INFORMATION SUPPLIED:

(* Let $P,Q$ be lattice paths from $(0,0)$ to $(m,r)$ with $P$ never going above $Q$ and $[P,Q]$ a connected skew shape. Then the edges of the lattice path matroid polytope $\mathcal{P}(M[P,Q])$ correspond to the block-tiled bottoms with exactly $1$ block inside the region $[P,Q]$.
   Context: Lattice paths use steps $E=(1,0)$, $N=(0,1)$. $M[P,Q]$ is the matroid on $[m+r]$ whose bases are the $r$-subsets $B$ such that the lattice path with North steps exactly at positions in $B$ stays between $P$ and $Q$; $\mathcal{P}(M[P,Q])=\mathrm{conv}\{\sum_{b\in B}e_b\}\subseteq\mathbb{R}^{m+r}$. $[P,Q]$ connected means $P,Q$ meet only at $(0,0)$ and $(m,r)$. Each unit box in $[P,Q]$ with lower-left corner $(i,j)$ is labeled $i+j+1$. A block is a border strip (connected nonempty skew shape with no $2\times2$ square) of unit boxes inside $[P,Q]$, regarded as a labeled tableau; clones are blocks equal as labeled tableaux, differing only in position. An outside corner of $[P,Q]$ is a corner $NE$ on $P$ or a corner $EN$ on $Q$. For lattice paths $\lambda,\mu$ from $(0,0)$ to $(m,r)$ in $[P,Q]$ with $\lambda$ never above $\mu$ and a tiling $\tau$ of the boxes of $[\lambda,\mu]$, $[\lambda,\mu]_\tau$ is a block-tiled region if: (1) each maximal continuous intersection of $\lambda$ and $\mu$ passes through an outside corner or an end point of $[P,Q]$; (2) $\tau$ tiles all boxes of $[\lambda,\mu]$ by blocks without gaps or overlaps; (3) any two blocks of $\tau$ containing boxes with the same label are clones. A block-tiled band is a block-tiled region containing no $2\times2$ square. Block-tiled bands are in the same family if their sets of maximal continuous intersections and of clones constituting them are the same. A block-tiled bottom is a block-tiled band that is the lowest among the block-tiled bands in its family. *)

theory Defs
  imports "HOL-Analysis.Analysis" "HOL-Library.Function_Algebras"
begin

section \<open>Real vector structure on functions (used to model R^(m+r) as nat => real)\<close>

instantiation "fun" :: (type, real_vector) real_vector
begin
definition scaleR_fun :: "real \<Rightarrow> ('a \<Rightarrow> 'b) \<Rightarrow> 'a \<Rightarrow> 'b"
  where "scaleR_fun c f = (\<lambda>x. c *\<^sub>R f x)"
instance
  by standard (auto simp: scaleR_fun_def fun_eq_iff scaleR_add_right scaleR_add_left)
end

text \<open>A lattice path is a list of steps: True = N = (0,1), False = E = (1,0).
  Step number k (1-indexed) is the list entry at index k-1.\<close>

definition lattice_path :: "nat \<Rightarrow> nat \<Rightarrow> bool list \<Rightarrow> bool" where
  "lattice_path m r p \<longleftrightarrow> length p = m + r \<and> length (filter id p) = r"

definition pt :: "bool list \<Rightarrow> nat \<Rightarrow> nat \<times> nat" where
  "pt p k = (length (filter Not (take k p)), length (filter id (take k p)))"

definition ht :: "bool list \<Rightarrow> nat \<Rightarrow> nat" where
  "ht p k = snd (pt p k)"

definition never_above :: "bool list \<Rightarrow> bool list \<Rightarrow> bool" where
  "never_above p q \<longleftrightarrow> (\<forall>k \<le> length p. ht p k \<le> ht q k)"

definition path_points :: "bool list \<Rightarrow> (nat \<times> nat) set" where
  "path_points p = {pt p k | k. k \<le> length p}"

definition connected_region :: "nat \<Rightarrow> nat \<Rightarrow> bool list \<Rightarrow> bool list \<Rightarrow> bool" where
  "connected_region m r P Q \<longleftrightarrow> path_points P \<inter> path_points Q = {(0,0), (m,r)}"

definition Npos :: "bool list \<Rightarrow> nat set" where
  "Npos p = {Suc k | k. k < length p \<and> p ! k}"

definition path_of :: "nat \<Rightarrow> nat \<Rightarrow> nat set \<Rightarrow> bool list" where
  "path_of m r B = map (\<lambda>k. Suc k \<in> B) [0..<m + r]"

definition in_region :: "bool list \<Rightarrow> bool list \<Rightarrow> bool list \<Rightarrow> bool" where
  "in_region P Q l \<longleftrightarrow> length l = length P \<and> never_above P l \<and> never_above l Q"

definition lpm_bases :: "nat \<Rightarrow> nat \<Rightarrow> bool list \<Rightarrow> bool list \<Rightarrow> nat set set" where
  "lpm_bases m r P Q =
     {B. B \<subseteq> {1..m + r} \<and> card B = r \<and> in_region P Q (path_of m r B)}"

text \<open>Indicator vector e_B = sum of e_b (b in B), as an element of nat => real
  supported on [m+r].\<close>
definition ind_vec :: "nat set \<Rightarrow> (nat \<Rightarrow> real)" where
  "ind_vec B = (\<lambda>i. if i \<in> B then 1 else 0)"

definition lpm_polytope :: "nat \<Rightarrow> nat \<Rightarrow> bool list \<Rightarrow> bool list \<Rightarrow> (nat \<Rightarrow> real) set" where
  "lpm_polytope m r P Q = convex hull (ind_vec ` lpm_bases m r P Q)"

definition edges_of :: "'a::real_vector set \<Rightarrow> 'a set set" where
  "edges_of S = {F. F face_of S \<and> (\<exists>a b. a \<noteq> b \<and> F = closed_segment a b)}"

text \<open>Unit box with lower-left corner (i,j). Height of the (i+1)-th East step of p
  (number of N steps preceding it).\<close>
definition hE :: "bool list \<Rightarrow> nat \<Rightarrow> nat" where
  "hE p i = card {k. k < length p \<and> p ! k \<and> length (filter Not (take k p)) \<le> i}"

definition boxes :: "nat \<Rightarrow> bool list \<Rightarrow> bool list \<Rightarrow> (nat \<times> nat) set" where
  "boxes m l u = {(i, j). i < m \<and> hE l i \<le> j \<and> j < hE u i}"

definition label :: "nat \<times> nat \<Rightarrow> nat" where
  "label b = fst b + snd b + 1"

definition box_adj :: "nat \<times> nat \<Rightarrow> nat \<times> nat \<Rightarrow> bool" where
  "box_adj a b \<longleftrightarrow> (fst a = fst b \<and> (snd b = Suc (snd a) \<or> snd a = Suc (snd b)))
                   \<or> (snd a = snd b \<and> (fst b = Suc (fst a) \<or> fst a = Suc (fst b)))"

definition box_connected :: "(nat \<times> nat) set \<Rightarrow> bool" where
  "box_connected S \<longleftrightarrow>
     (\<forall>a\<in>S. \<forall>b\<in>S. (\<lambda>x y. x \<in> S \<and> y \<in> S \<and> box_adj x y)\<^sup>*\<^sup>* a b)"

text \<open>Skew shape (in the orientation of [P,Q], where rows/columns grow to the NE):
  a set of boxes that is convex for the order (i,j) <= (i',j') iff i <= i' and j >= j',
  i.e. a difference of two order ideals; equivalently each column is an interval and the
  lower/upper ends of the columns weakly increase.\<close>
definition skew_shape :: "(nat \<times> nat) set \<Rightarrow> bool" where
  "skew_shape S \<longleftrightarrow> finite S \<and>
     (\<forall>i j i' j' a b. (i, j) \<in> S \<longrightarrow> (i', j') \<in> S \<longrightarrow> i \<le> a \<longrightarrow> a \<le> i'
         \<longrightarrow> j' \<le> b \<longrightarrow> b \<le> j \<longrightarrow> (a, b) \<in> S)"

definition has_2x2 :: "(nat \<times> nat) set \<Rightarrow> bool" where
  "has_2x2 S \<longleftrightarrow> (\<exists>i j. (i, j) \<in> S \<and> (Suc i, j) \<in> S \<and> (i, Suc j) \<in> S \<and> (Suc i, Suc j) \<in> S)"

definition border_strip :: "(nat \<times> nat) set \<Rightarrow> bool" where
  "border_strip S \<longleftrightarrow> S \<noteq> {} \<and> skew_shape S \<and> box_connected S \<and> \<not> has_2x2 S"

definition block :: "nat \<Rightarrow> bool list \<Rightarrow> bool list \<Rightarrow> (nat \<times> nat) set \<Rightarrow> bool" where
  "block m P Q S \<longleftrightarrow> border_strip S \<and> S \<subseteq> boxes m P Q"

text \<open>Clones: equal as labelled tableaux, differing only in position; i.e. one is a
  translate of the other by a vector (d,-d) (which preserves the labels i+j+1).\<close>
definition clones :: "(nat \<times> nat) set \<Rightarrow> (nat \<times> nat) set \<Rightarrow> bool" where
  "clones S T \<longleftrightarrow> (\<exists>d::int.
      (\<forall>(i, j)\<in>S. 0 \<le> int i + d \<and> 0 \<le> int j - d) \<and>
      T = (\<lambda>(i, j). (nat (int i + d), nat (int j - d))) ` S)"

definition outside_corners :: "bool list \<Rightarrow> bool list \<Rightarrow> (nat \<times> nat) set" where
  "outside_corners P Q =
     {pt P k | k. 0 < k \<and> k < length P \<and> P ! (k - 1) \<and> \<not> P ! k} \<union>
     {pt Q k | k. 0 < k \<and> k < length Q \<and> \<not> Q ! (k - 1) \<and> Q ! k}"

text \<open>Maximal continuous intersections of l and u: maximal intervals [a,b] of step
  counts on which the two paths are at the same point; we record each as the set of
  lattice points it consists of.\<close>
definition max_intersection_intervals :: "bool list \<Rightarrow> bool list \<Rightarrow> (nat \<times> nat) set" where
  "max_intersection_intervals l u =
     {(a, b). a \<le> b \<and> b \<le> length l \<and> (\<forall>k. a \<le> k \<and> k \<le> b \<longrightarrow> pt l k = pt u k)
        \<and> (a = 0 \<or> pt l (a - 1) \<noteq> pt u (a - 1))
        \<and> (b = length l \<or> pt l (Suc b) \<noteq> pt u (Suc b))}"

definition max_intersections :: "bool list \<Rightarrow> bool list \<Rightarrow> (nat \<times> nat) set set" where
  "max_intersections l u = (\<lambda>(a, b). {pt l k | k. a \<le> k \<and> k \<le> b}) ` max_intersection_intervals l u"

type_synonym tiled_region = "bool list \<times> bool list \<times> (nat \<times> nat) set set"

YOUR INSTRUCTIONS: Find the lines above that hold "which", then copy each of them.

RESPONSE TO THIS TASK:
  translate of the other by a vector (d,-d) (which preserves the labels i+j+1).\<close>
  counts on which the two paths are at the same point; we record each as the set of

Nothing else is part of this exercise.